Orange you glad I didn’t say banana?
It’s always refreshing, and a little unexpected, to see bright oranges piled up at the entrance of the produce aisle just as the chilly grip of December and January is holding so tightly onto the Northstate. The presence of Jerry Weece’s wooden orange stand in a field just south of Costco, with bright mesh sacks of oranges and mandarins hanging across the front, is an equally surprising sight. The 60-year-old Weece, a friendly, good-natured merchant who used to work as security officer “down south,” moved to Magalia in ‘91 to be with his dad. After four years of working in the Paradise Post mail room, Weece has fallen on hard times. Parked just behind the orange cart, decorated with red, white and blue ribbons and cut-out letters spelling “EXPLORER” across the front, is the R.V. he and his partner, a fellow Vietnam vet, call home.

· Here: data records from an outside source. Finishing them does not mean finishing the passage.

lemma higher_deriv_sum_slash_terms:
  fixes F :: "(nat \<Rightarrow> nat \<Rightarrow> nat) \<Rightarrow> complex \<Rightarrow> complex"
  assumes det: "a * d - b * c = 1" and A: "finite A" and F: "\<And>M. F M holomorphic_on uhp"
    and \<tau>: "\<tau> \<in> uhp"
  shows "(deriv ^^ r) (\<lambda>\<sigma>. E * (\<Sum>M\<in>A. C M * ((of_int c * \<sigma> + of_int d) powr (- \<beta> M)
                                                  * F M (mob (a, b, c, d) \<sigma>)))) \<tau>
     = E * (\<Sum>M\<in>A. C M * (\<Sum>j\<le>r. slash_deriv_coeff (\<beta> M) c r j
            * (of_int c * \<tau> + of_int d) powr (- \<beta> M - of_nat r - of_nat j)
            * (deriv ^^ j) (F M) (mob (a, b, c, d) \<tau>)))"
proof -
  have hol: "(\<lambda>\<sigma>. (of_int c * \<sigma> + of_int d) powr (- \<beta> M) * F M (mob (a, b, c, d) \<sigma>)) holomorphic_on uhp"
    for M by (rule holomorphic_on_slash_term[OF det F])
  have "(deriv ^^ r) (\<lambda>\<sigma>. E * (\<Sum>M\<in>A. C M * ((of_int c * \<sigma> + of_int d) powr (- \<beta> M)
                                                  * F M (mob (a, b, c, d) \<sigma>)))) \<tau>
      = E * (deriv ^^ r) (\<lambda>\<sigma>. \<Sum>M\<in>A. C M * ((of_int c * \<sigma> + of_int d) powr (- \<beta> M)
                                                  * F M (mob (a, b, c, d) \<sigma>))) \<tau>"
    by (rule higher_deriv_cmult[OF _ \<tau> open_uhp])
       (intro holomorphic_on_sum holomorphic_on_mult[OF holomorphic_on_const hol])
  also have "\<dots> = E * (\<Sum>M\<in>A. (deriv ^^ r) (\<lambda>\<sigma>. C M * ((of_int c * \<sigma> + of_int d) powr (- \<beta> M)
                                                  * F M (mob (a, b, c, d) \<sigma>))) \<tau>)"
    by (subst higher_deriv_sum[OF A _ open_uhp \<tau>])
       (auto simp del: mob.simps intro!: holomorphic_on_mult[OF holomorphic_on_const hol])
  also have "\<dots> = E * (\<Sum>M\<in>A. C M * (\<Sum>j\<le>r. slash_deriv_coeff (\<beta> M) c r j
            * (of_int c * \<tau> + of_int d) powr (- \<beta> M - of_nat r - of_nat j)
            * (deriv ^^ j) (F M) (mob (a, b, c, d) \<tau>)))"
    by (simp only: higher_deriv_cmult[OF hol \<tau> open_uhp] higher_deriv_slash[OF det F \<tau>])
  finally show ?thesis .
qed

lemma higher_deriv_shifted_slash_scalar:
  assumes det: "a * d - b * c = 1" and hol: "\<And>j. hs j holomorphic_on uhp" and \<tau>: "\<tau> \<in> uhp"
  shows "(deriv ^^ smat n \<Lambda>) (shifted_coeff (slash_scalar n G k hs ((a, b, c, d), e)) p (piL n \<Lambda>)) \<tau>
    = of_int e powr complex_of_real (- 2 * k) *
      (\<Sum>M\<in>mats n (sidx n p - 2 * smat n \<Lambda>). mat_weight n (gram_coeff G) M * of_int c ^ smat n M *
        (\<Sum>j\<le>smat n \<Lambda>. slash_deriv_coeff (of_real k + of_nat (sidx n p - 2 * smat n \<Lambda>) - of_nat (smat n M))
                            c (smat n \<Lambda>) j *
            (of_int c * \<tau> + of_int d) powr (- (of_real k + of_nat (sidx n p - 2 * smat n \<Lambda>) - of_nat (smat n M))
                                             - of_nat (smat n \<Lambda>) - of_nat j) *
            (deriv ^^ j) (shifted_coeff hs p (\<lambda>i. piL n \<Lambda> i + piL n M i)) (mob (a, b, c, d) \<tau>)))"
proof (cases "\<forall>i. piL n \<Lambda> i \<le> p i")
  case False
  hence "\<not> (\<forall>i. piL n \<Lambda> i + piL n M i \<le> p i)" for M by (metis add_leD1)
  thus ?thesis by (simp add: shifted_coeff_not_le[OF False] shifted_coeff_not_le higher_deriv_const)
next
  case True
  define q where "q = (\<lambda>i. p i - piL n \<Lambda> i)"
  define E where "E = (of_int e powr complex_of_real (- 2 * k) :: complex)"
  define \<beta> where "\<beta> = (\<lambda>M. of_real k + of_nat (sidx n q) - of_nat (smat n M) :: complex)"
  define C where "C = (\<lambda>M. powL n (\<lambda>i j. - of_real pi * \<i> * of_int c * of_real (G i j)) M / factL n M)"
  define F where "F = (\<lambda>M. shifted_coeff hs q (piL n M))"
  have sq: "sidx n q = sidx n p - 2 * smat n \<Lambda>"
    unfolding q_def by (simp add: sidx_diff[OF True] sidx_piL)
  have "shifted_coeff (slash_scalar n G k hs ((a, b, c, d), e)) p (piL n \<Lambda>) =
     (\<lambda>\<sigma>. E * (\<Sum>M\<in>mats n (sidx n q). C M * ((of_int c * \<sigma> + of_int d) powr (- \<beta> M)
                                             * F M (mob (a, b, c, d) \<sigma>))))"
    unfolding shifted_coeff_le[OF True] q_def[symmetric]
    by (simp add: slash_scalar_def fun_eq_iff E_def C_def \<beta>_def F_def mult.assoc del: mob.simps)
  hence "(deriv ^^ smat n \<Lambda>) (shifted_coeff (slash_scalar n G k hs ((a, b, c, d), e)) p (piL n \<Lambda>)) \<tau>
      = E * (\<Sum>M\<in>mats n (sidx n q). C M * (\<Sum>j\<le>smat n \<Lambda>. slash_deriv_coeff (\<beta> M) c (smat n \<Lambda>) j
              * (of_int c * \<tau> + of_int d) powr (- \<beta> M - of_nat (smat n \<Lambda>) - of_nat j)
              * (deriv ^^ j) (F M) (mob (a, b, c, d) \<tau>)))"
    unfolding F_def
    by (simp only: higher_deriv_sum_slash_terms[OF det finite_mats holomorphic_on_shifted_coeff[OF hol] \<tau>])
  moreover have "C M = mat_weight n (gram_coeff G) M * of_int c ^ smat n M" for M
    unfolding C_def by (rule powL_scaled_gram)
  moreover have "F M = shifted_coeff hs p (\<lambda>i. piL n \<Lambda> i + piL n M i)" for M
    unfolding F_def q_def by (rule shifted_coeff_shifted_coeff[OF True])
  ultimately show ?thesis unfolding \<beta>_def sq E_def by (simp add: mult.assoc)
qed

lemma D_scalar_slash_scalar_expand:
  assumes det: "a * d - b * c = 1" and hol: "\<And>j. hs j holomorphic_on uhp" and \<tau>: "\<tau> \<in> uhp"
    and knz: "\<forall>N::nat. k \<noteq> - real N"
  shows "D_scalar n G k p (slash_scalar n G k hs ((a, b, c, d), e)) \<tau>
    = D_norm n p * of_int e powr complex_of_real (- 2 * k) *
      (\<Sum>N\<in>admissible_mats n p. mat_weight n (gram_coeff G) N *
         (D_coeff k (sidx n p) (smat n N) * (of_int c * \<tau> + of_int d) powr (- (of_real k + of_nat (sidx n p)))
          * (deriv ^^ smat n N) (shifted_coeff hs p (piL n N)) (mob (a, b, c, d) \<tau>)))"
proof -
  define sp where "sp = sidx n p"
  define x where "x = gram_coeff G"
  define Z where "Z = of_int c * \<tau> + (of_int d :: complex)"
  define Dh where "Dh = (\<lambda>j r. (deriv ^^ j) (shifted_coeff hs p r) (mob (a, b, c, d) \<tau>))"
  define \<Phi> where "\<Phi> = (\<lambda>\<Lambda> M. mat_weight n x \<Lambda> * D_coeff k sp (smat n \<Lambda>) *
        (mat_weight n x M * of_int c ^ smat n M *
         (\<Sum>j\<le>smat n \<Lambda>. slash_deriv_coeff (of_real k + of_nat (sp - 2 * smat n \<Lambda>) - of_nat (smat n M)) c (smat n \<Lambda>) j *
            Z powr (- (of_real k + of_nat (sp - 2 * smat n \<Lambda>) - of_nat (smat n M)) - of_nat (smat n \<Lambda>) - of_nat j) *
            Dh j (\<lambda>i. piL n \<Lambda> i + piL n M i))))"
  have "D_scalar n G k p (slash_scalar n G k hs ((a, b, c, d), e)) \<tau>
      = D_norm n p * of_int e powr complex_of_real (- 2 * k) *
        (\<Sum>\<Lambda>\<in>mats n (sp div 2). \<Sum>M\<in>mats n (sp - 2 * smat n \<Lambda>). \<Phi> \<Lambda> M)"
    unfolding D_scalar_def higher_deriv_shifted_slash_scalar[OF det hol \<tau>]
    by (simp add: \<Phi>_def sp_def x_def Z_def Dh_def sum_distrib_left mult_ac)
  also have "(\<Sum>\<Lambda>\<in>mats n (sp div 2). \<Sum>M\<in>mats n (sp - 2 * smat n \<Lambda>). \<Phi> \<Lambda> M)
      = (\<Sum>N\<in>admissible_mats n p. \<Sum>\<Lambda>\<in>submats N. \<Phi> \<Lambda> (\<lambda>i j. N i j - \<Lambda> i j))"
    unfolding sp_def
    by (rule sum_mats_pairs_regroup) (simp add: \<Phi>_def Dh_def shifted_coeff_not_le higher_deriv_const)
  also have "\<dots> = (\<Sum>N\<in>admissible_mats n p.
       mat_weight n x N * (D_coeff k sp (smat n N) * Z powr (- (of_real k + of_nat sp)) * Dh (smat n N) (piL n N)))"
  proof (rule sum.cong[OF refl])
    fix N assume N: "N \<in> admissible_mats n p"
    hence "mat_supported n N" "smat n N \<le> sp div 2"
      by (auto simp: admissible_mats_def sp_def smat_le_half_sidx intro: mats_supported)
    from sum_submats_slash_terms[OF knz this, of x c Z "\<lambda>j. Dh j (piL n N)"]
    show "(\<Sum>\<Lambda>\<in>submats N. \<Phi> \<Lambda> (\<lambda>i j. N i j - \<Lambda> i j))
        = mat_weight n x N * (D_coeff k sp (smat n N) * Z powr (- (of_real k + of_nat sp)) * Dh (smat n N) (piL n N))"
      by (simp add: \<Phi>_def piL_add_diff cong: sum.cong_simp)
  qed
  finally show ?thesis by (simp add: sp_def x_def Z_def Dh_def)
qed

lemma D_scalar_eq_sum_admissible:
  "D_scalar n G k p hs w = D_norm n p *
     (\<Sum>N\<in>admissible_mats n p. mat_weight n (gram_coeff G) N *
        D_coeff k (sidx n p) (smat n N) * (deriv ^^ smat n N) (shifted_coeff hs p (piL n N)) w)"
  unfolding D_scalar_def admissible_mats_def
  by (intro arg_cong2[where f=times] refl sum.mono_neutral_right finite_mats)
     (auto simp: shifted_coeff_not_le higher_deriv_const)

theorem D_scalar_slash_scalar:
  assumes det: "a * d - b * c = 1" and e: "e = 1 \<or> e = -1" and k: "\<exists>m::int. k = of_int m / 2"
    and knz: "\<forall>N::nat. k \<noteq> - real N" and hol: "\<And>j. hs j holomorphic_on uhp" and \<tau>: "\<tau> \<in> uhp"
  shows "D_scalar n G k p (slash_scalar n G k hs ((a, b, c, d), e)) \<tau> =
     (mp_phi ((a, b, c, d), e) \<tau>) powr (complex_of_real (- 2 * (k + real (sidx n p)))) *
     D_scalar n G k p hs (mob (a, b, c, d) \<tau>)"
proof -
  have "(mp_phi ((a, b, c, d), e) \<tau>) powr (complex_of_real (- 2 * (k + real (sidx n p))))
          = of_int e powr complex_of_real (- 2 * k)
            * (of_int c * \<tau> + of_int d) powr (- (of_real k + of_nat (sidx n p)))"
    using metaplectic_factor_powr[OF e mob_denom_nonzero[OF det \<tau>] k] by simp
  thus ?thesis
    unfolding D_scalar_slash_scalar_expand[OF det hol \<tau> knz] D_scalar_eq_sum_admissible[of n G k p hs]
    by (simp add: sum_distrib_left mult_ac)
qed

lemma metaplectic_lift_cases:
  assumes "is_sl2z_subgroup H" and "ge \<in> mp_lift H"
  obtains a b c d e where "ge = ((a, b, c, d), e)" and "e = 1 \<or> e = -1" and "a * d - b * c = 1"
proof -
  obtain \<gamma> e where ge: "ge = (\<gamma>, e)" "\<gamma> \<in> H" "e = 1 \<or> e = -1"
    using assms(2) by (auto simp: mp_lift_def)
  obtain a b c d where \<gamma>: "\<gamma> = (a, b, c, d)" by (cases \<gamma>) auto
  have "mat2_det \<gamma> = 1" using assms(1) ge(2) by (simp add: is_sl2z_subgroup_def)
  thus ?thesis using that ge \<gamma> by simp
qed

lemma hol_vec_nth: "hol_vec f S \<Longrightarrow> (\<lambda>\<sigma>. f \<sigma> $ i) holomorphic_on S"
  by (simp add: hol_vec_def)

lemma Dmap_nth: "p \<in> midx n \<Longrightarrow> \<tau> \<in> uhp \<Longrightarrow> Dmap n G k h p \<tau> $ i = D_scalar n G k p (\<lambda>j \<sigma>. h j \<sigma> $ i) \<tau>"
  by (simp add: Dmap_def Dop_nth)

lemma D_scalar_injective:
  assumes knz: "\<forall>N::nat. k \<noteq> - real N"
    and f: "\<And>j. f j holomorphic_on uhp" and f': "\<And>j. f' j holomorphic_on uhp"
    and eq: "\<And>q \<sigma>. q \<in> midx n \<Longrightarrow> \<sigma> \<in> uhp \<Longrightarrow> D_scalar n G k q f \<sigma> = D_scalar n G k q f' \<sigma>"
    and p: "p \<in> midx n" and \<tau>: "\<tau> \<in> uhp"
  shows "f p \<tau> = f' p \<tau>"
proof -
  have "D_scalar n G k q (\<lambda>j \<sigma>. 1 * f j \<sigma> + (-1) * f' j \<sigma>) \<sigma> = 0" if "q \<in> midx n" "\<sigma> \<in> uhp" for q \<sigma>
    using D_scalar_linear[where f=f and g=f' and u=1 and v="-1", OF f f' that(2)] eq[OF that] by simp
  from D_scalar_vanishing_imp_zero[OF knz this p \<tau>] show ?thesis by simp
qed

lemma Dmap_linear:
  assumes h: "\<And>j. hol_vec (h j) uhp" and h': "\<And>j. hol_vec (h' j) uhp"
  shows "Dmap n G k (\<lambda>j \<tau>. a *s h j \<tau> + b *s h' j \<tau>) = (\<lambda>p \<tau>. a *s Dmap n G k h p \<tau> + b *s Dmap n G k h' p \<tau>)"
proof (intro ext)
  fix p \<tau>
  show "Dmap n G k (\<lambda>j \<tau>. a *s h j \<tau> + b *s h' j \<tau>) p \<tau> = a *s Dmap n G k h p \<tau> + b *s Dmap n G k h' p \<tau>"
  proof (cases "p \<in> midx n \<and> \<tau> \<in> uhp")
    case True
    thus ?thesis
      by (simp add: vec_eq_iff Dmap_nth D_scalar_linear[OF hol_vec_nth[OF h] hol_vec_nth[OF h']])
  qed (auto simp: Dmap_def)
qed

lemma series_space_outside:
  assumes h: "h \<in> series_space n G k H \<rho>" and j\<tau>: "j \<notin> midx n \<or> \<tau> \<notin> uhp"
  shows "h j \<tau> = 0"
proof -
  have "\<forall>j \<tau>. \<tau> \<notin> uhp \<longrightarrow> h j \<tau> = 0" "\<forall>j. j \<notin> midx n \<longrightarrow> h j = (\<lambda>_. 0)"
    using h by (simp_all add: series_space_def)
  thus ?thesis using j\<tau> by auto
qed

lemma series_space_holomorphic_nth:
  "h \<in> series_space n G k H \<rho> \<Longrightarrow> (\<lambda>\<sigma>. h j \<sigma> $ i) holomorphic_on uhp"
  by (simp add: series_space_def hol_vec_def)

It’s been really bad here during this rain. Before Christmas it was murder. For two or three weeks there we moved about $3,000 worth of product.
How bad has it been during the rains?
I’ve probably sold 12 [bags] since the rain started.
How’d you get into this business?
My partner and I were parked down the street for a while. We wanted to work here.
You were living in this field?
Does anyone hassle you?
We have permission to be here. The cops used to hassle us. [Now] the city hassles us. [They] keep movin’ us on.
Where do you get the oranges?
[Vollendorf Orchards] out of Oroville.
Why should people come here instead of the grocery stores up the street?
Here it’s $8 for a 10-pound bag of mandarins [$6 for oranges]. There, it’s $5-$6 for a three-pound bag. We’re a little cheaper.
Anything rhyme with orange?
Only thing I can think of is Agent Orange, from over in ‘Nam. My partner’s full of it. From ‘63 to ‘65—I was there [in the Army] for almost three years. My partner for almost 10 years.